* [Your instructions]: Before answering, work out how many lines below contain the string "finally"; the reply is that number alone.

*** Block opens ***

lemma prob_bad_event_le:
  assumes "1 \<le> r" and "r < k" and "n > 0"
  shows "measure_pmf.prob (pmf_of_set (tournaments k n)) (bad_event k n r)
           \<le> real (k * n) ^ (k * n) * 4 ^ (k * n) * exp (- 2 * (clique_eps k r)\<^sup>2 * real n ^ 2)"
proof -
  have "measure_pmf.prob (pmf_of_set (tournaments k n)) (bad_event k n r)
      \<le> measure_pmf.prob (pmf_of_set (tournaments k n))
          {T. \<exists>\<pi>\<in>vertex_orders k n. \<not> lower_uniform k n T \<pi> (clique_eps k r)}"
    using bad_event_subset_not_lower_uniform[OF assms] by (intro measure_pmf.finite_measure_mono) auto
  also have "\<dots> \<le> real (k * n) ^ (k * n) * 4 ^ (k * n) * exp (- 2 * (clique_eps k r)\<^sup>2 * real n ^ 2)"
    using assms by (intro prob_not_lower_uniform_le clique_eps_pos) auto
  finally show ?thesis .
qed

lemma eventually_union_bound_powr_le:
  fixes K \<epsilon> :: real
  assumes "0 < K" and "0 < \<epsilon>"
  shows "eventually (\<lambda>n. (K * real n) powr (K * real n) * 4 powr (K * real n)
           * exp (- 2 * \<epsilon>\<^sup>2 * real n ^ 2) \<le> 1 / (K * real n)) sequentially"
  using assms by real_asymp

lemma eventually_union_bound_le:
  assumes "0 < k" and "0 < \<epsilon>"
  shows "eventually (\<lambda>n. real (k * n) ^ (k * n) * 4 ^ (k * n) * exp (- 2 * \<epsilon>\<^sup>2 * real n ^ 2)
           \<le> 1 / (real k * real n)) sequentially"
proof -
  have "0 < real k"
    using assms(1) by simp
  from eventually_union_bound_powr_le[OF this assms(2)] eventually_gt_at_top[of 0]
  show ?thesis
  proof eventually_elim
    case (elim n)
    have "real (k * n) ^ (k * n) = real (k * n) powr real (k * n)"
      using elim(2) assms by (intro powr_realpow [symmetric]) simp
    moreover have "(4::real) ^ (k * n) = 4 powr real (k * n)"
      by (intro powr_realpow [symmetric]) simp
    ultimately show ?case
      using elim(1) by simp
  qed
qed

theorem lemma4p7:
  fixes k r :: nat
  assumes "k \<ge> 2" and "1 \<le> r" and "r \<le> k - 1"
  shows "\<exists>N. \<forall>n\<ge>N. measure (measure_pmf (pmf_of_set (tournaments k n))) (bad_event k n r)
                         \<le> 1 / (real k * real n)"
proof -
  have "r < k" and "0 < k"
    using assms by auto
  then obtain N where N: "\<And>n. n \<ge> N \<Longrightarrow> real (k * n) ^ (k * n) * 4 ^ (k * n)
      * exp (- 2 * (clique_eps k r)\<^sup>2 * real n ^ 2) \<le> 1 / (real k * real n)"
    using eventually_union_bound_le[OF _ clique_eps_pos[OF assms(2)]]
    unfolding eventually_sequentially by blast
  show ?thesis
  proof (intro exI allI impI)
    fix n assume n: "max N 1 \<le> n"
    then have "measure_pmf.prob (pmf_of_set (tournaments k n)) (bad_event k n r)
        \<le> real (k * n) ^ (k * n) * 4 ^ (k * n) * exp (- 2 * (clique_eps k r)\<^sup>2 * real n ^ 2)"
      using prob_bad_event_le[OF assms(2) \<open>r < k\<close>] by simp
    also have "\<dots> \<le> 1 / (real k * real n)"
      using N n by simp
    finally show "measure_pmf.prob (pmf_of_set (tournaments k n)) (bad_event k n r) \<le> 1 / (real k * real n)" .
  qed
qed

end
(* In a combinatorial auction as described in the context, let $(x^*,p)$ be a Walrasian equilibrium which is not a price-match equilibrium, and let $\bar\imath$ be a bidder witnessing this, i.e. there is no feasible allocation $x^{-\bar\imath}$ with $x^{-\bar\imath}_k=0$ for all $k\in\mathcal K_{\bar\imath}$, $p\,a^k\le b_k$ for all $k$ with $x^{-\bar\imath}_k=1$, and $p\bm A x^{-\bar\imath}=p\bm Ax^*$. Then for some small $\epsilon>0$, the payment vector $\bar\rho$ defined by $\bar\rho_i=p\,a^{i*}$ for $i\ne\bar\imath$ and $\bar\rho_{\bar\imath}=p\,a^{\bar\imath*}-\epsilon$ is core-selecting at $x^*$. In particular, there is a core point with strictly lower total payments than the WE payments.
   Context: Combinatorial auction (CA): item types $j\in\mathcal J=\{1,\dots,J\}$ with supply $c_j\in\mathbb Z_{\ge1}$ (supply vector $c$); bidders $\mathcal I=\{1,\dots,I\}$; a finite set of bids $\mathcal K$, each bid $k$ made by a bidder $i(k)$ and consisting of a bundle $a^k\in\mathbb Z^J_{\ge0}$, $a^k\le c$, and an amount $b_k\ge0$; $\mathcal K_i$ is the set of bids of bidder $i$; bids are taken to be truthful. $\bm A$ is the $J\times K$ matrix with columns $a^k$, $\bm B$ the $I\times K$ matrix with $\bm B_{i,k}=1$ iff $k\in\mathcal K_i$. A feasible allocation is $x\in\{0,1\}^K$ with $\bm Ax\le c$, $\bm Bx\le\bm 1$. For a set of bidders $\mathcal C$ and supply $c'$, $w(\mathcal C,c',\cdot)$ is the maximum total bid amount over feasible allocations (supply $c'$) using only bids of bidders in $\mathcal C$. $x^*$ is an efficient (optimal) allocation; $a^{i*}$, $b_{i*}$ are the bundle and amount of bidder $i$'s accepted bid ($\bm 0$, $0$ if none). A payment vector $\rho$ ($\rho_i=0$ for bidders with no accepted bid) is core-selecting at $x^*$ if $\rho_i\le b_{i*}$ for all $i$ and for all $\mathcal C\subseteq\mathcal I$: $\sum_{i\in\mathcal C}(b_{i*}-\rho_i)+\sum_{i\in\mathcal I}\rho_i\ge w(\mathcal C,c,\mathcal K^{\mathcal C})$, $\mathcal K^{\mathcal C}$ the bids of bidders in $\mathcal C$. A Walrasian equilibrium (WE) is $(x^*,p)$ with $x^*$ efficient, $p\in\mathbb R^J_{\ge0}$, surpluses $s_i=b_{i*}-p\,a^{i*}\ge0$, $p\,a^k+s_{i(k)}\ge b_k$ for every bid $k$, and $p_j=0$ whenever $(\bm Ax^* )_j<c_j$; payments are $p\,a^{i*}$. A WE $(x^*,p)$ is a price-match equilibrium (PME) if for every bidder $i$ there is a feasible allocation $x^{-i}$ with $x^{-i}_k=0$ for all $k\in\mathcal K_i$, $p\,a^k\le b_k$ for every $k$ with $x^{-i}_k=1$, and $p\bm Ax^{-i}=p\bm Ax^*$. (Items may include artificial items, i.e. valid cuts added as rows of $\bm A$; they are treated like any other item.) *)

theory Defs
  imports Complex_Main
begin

*** Block closes ***
*** Block opens ***

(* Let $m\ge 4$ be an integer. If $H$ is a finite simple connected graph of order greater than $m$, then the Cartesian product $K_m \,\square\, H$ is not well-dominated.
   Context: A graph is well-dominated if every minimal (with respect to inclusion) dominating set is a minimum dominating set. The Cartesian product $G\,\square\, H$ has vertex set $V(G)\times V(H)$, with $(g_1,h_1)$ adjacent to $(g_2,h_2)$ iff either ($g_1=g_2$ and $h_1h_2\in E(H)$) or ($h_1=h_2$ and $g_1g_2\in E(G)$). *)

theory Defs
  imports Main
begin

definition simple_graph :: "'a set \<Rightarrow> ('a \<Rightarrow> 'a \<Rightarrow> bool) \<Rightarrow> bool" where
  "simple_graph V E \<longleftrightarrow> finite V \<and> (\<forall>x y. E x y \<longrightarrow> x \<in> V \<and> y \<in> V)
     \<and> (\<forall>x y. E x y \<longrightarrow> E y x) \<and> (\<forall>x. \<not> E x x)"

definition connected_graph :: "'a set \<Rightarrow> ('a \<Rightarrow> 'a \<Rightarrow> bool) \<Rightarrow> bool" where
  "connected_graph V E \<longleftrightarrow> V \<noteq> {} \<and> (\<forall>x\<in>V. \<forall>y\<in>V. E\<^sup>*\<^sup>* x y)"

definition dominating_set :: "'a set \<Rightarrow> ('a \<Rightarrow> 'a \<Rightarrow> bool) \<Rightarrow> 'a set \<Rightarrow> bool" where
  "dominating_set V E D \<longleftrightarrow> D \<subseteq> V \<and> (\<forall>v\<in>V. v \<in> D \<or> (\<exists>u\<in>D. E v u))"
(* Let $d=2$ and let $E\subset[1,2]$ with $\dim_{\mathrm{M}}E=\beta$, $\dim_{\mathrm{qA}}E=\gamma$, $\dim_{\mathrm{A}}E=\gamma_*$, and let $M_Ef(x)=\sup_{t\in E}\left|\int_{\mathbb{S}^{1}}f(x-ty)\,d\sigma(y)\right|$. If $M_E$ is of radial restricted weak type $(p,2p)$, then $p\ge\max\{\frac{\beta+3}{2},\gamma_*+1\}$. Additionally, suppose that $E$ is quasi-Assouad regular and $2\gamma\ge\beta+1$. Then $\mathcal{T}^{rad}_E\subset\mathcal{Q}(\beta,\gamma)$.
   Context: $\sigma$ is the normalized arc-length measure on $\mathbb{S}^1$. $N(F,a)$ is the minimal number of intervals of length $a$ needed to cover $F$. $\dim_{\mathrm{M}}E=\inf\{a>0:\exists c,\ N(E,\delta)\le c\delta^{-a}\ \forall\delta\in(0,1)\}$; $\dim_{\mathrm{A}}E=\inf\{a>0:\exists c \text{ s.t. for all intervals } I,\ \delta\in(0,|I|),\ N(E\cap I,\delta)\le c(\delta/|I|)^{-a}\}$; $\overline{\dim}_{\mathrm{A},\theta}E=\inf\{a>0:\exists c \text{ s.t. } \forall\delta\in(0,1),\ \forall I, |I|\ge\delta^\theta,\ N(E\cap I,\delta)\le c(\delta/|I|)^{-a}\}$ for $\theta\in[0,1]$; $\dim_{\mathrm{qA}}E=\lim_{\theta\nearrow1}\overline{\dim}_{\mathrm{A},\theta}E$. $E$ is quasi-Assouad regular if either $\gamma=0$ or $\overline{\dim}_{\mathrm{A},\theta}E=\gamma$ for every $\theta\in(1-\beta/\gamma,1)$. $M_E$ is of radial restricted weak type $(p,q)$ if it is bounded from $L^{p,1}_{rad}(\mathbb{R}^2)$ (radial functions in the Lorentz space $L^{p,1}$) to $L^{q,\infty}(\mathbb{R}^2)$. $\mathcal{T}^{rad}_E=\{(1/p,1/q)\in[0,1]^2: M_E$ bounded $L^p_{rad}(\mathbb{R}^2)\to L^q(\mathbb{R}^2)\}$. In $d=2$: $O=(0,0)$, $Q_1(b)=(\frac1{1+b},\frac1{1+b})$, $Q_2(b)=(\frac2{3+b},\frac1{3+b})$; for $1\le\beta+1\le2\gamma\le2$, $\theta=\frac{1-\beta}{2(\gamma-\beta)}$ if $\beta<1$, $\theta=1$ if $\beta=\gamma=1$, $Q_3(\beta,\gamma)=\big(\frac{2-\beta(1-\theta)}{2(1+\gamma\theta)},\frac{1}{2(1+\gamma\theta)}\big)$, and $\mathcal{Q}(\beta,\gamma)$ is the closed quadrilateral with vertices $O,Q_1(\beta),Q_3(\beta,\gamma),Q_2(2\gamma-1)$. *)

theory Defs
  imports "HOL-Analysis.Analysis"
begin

*** Block closes ***

* [Task solution]: 2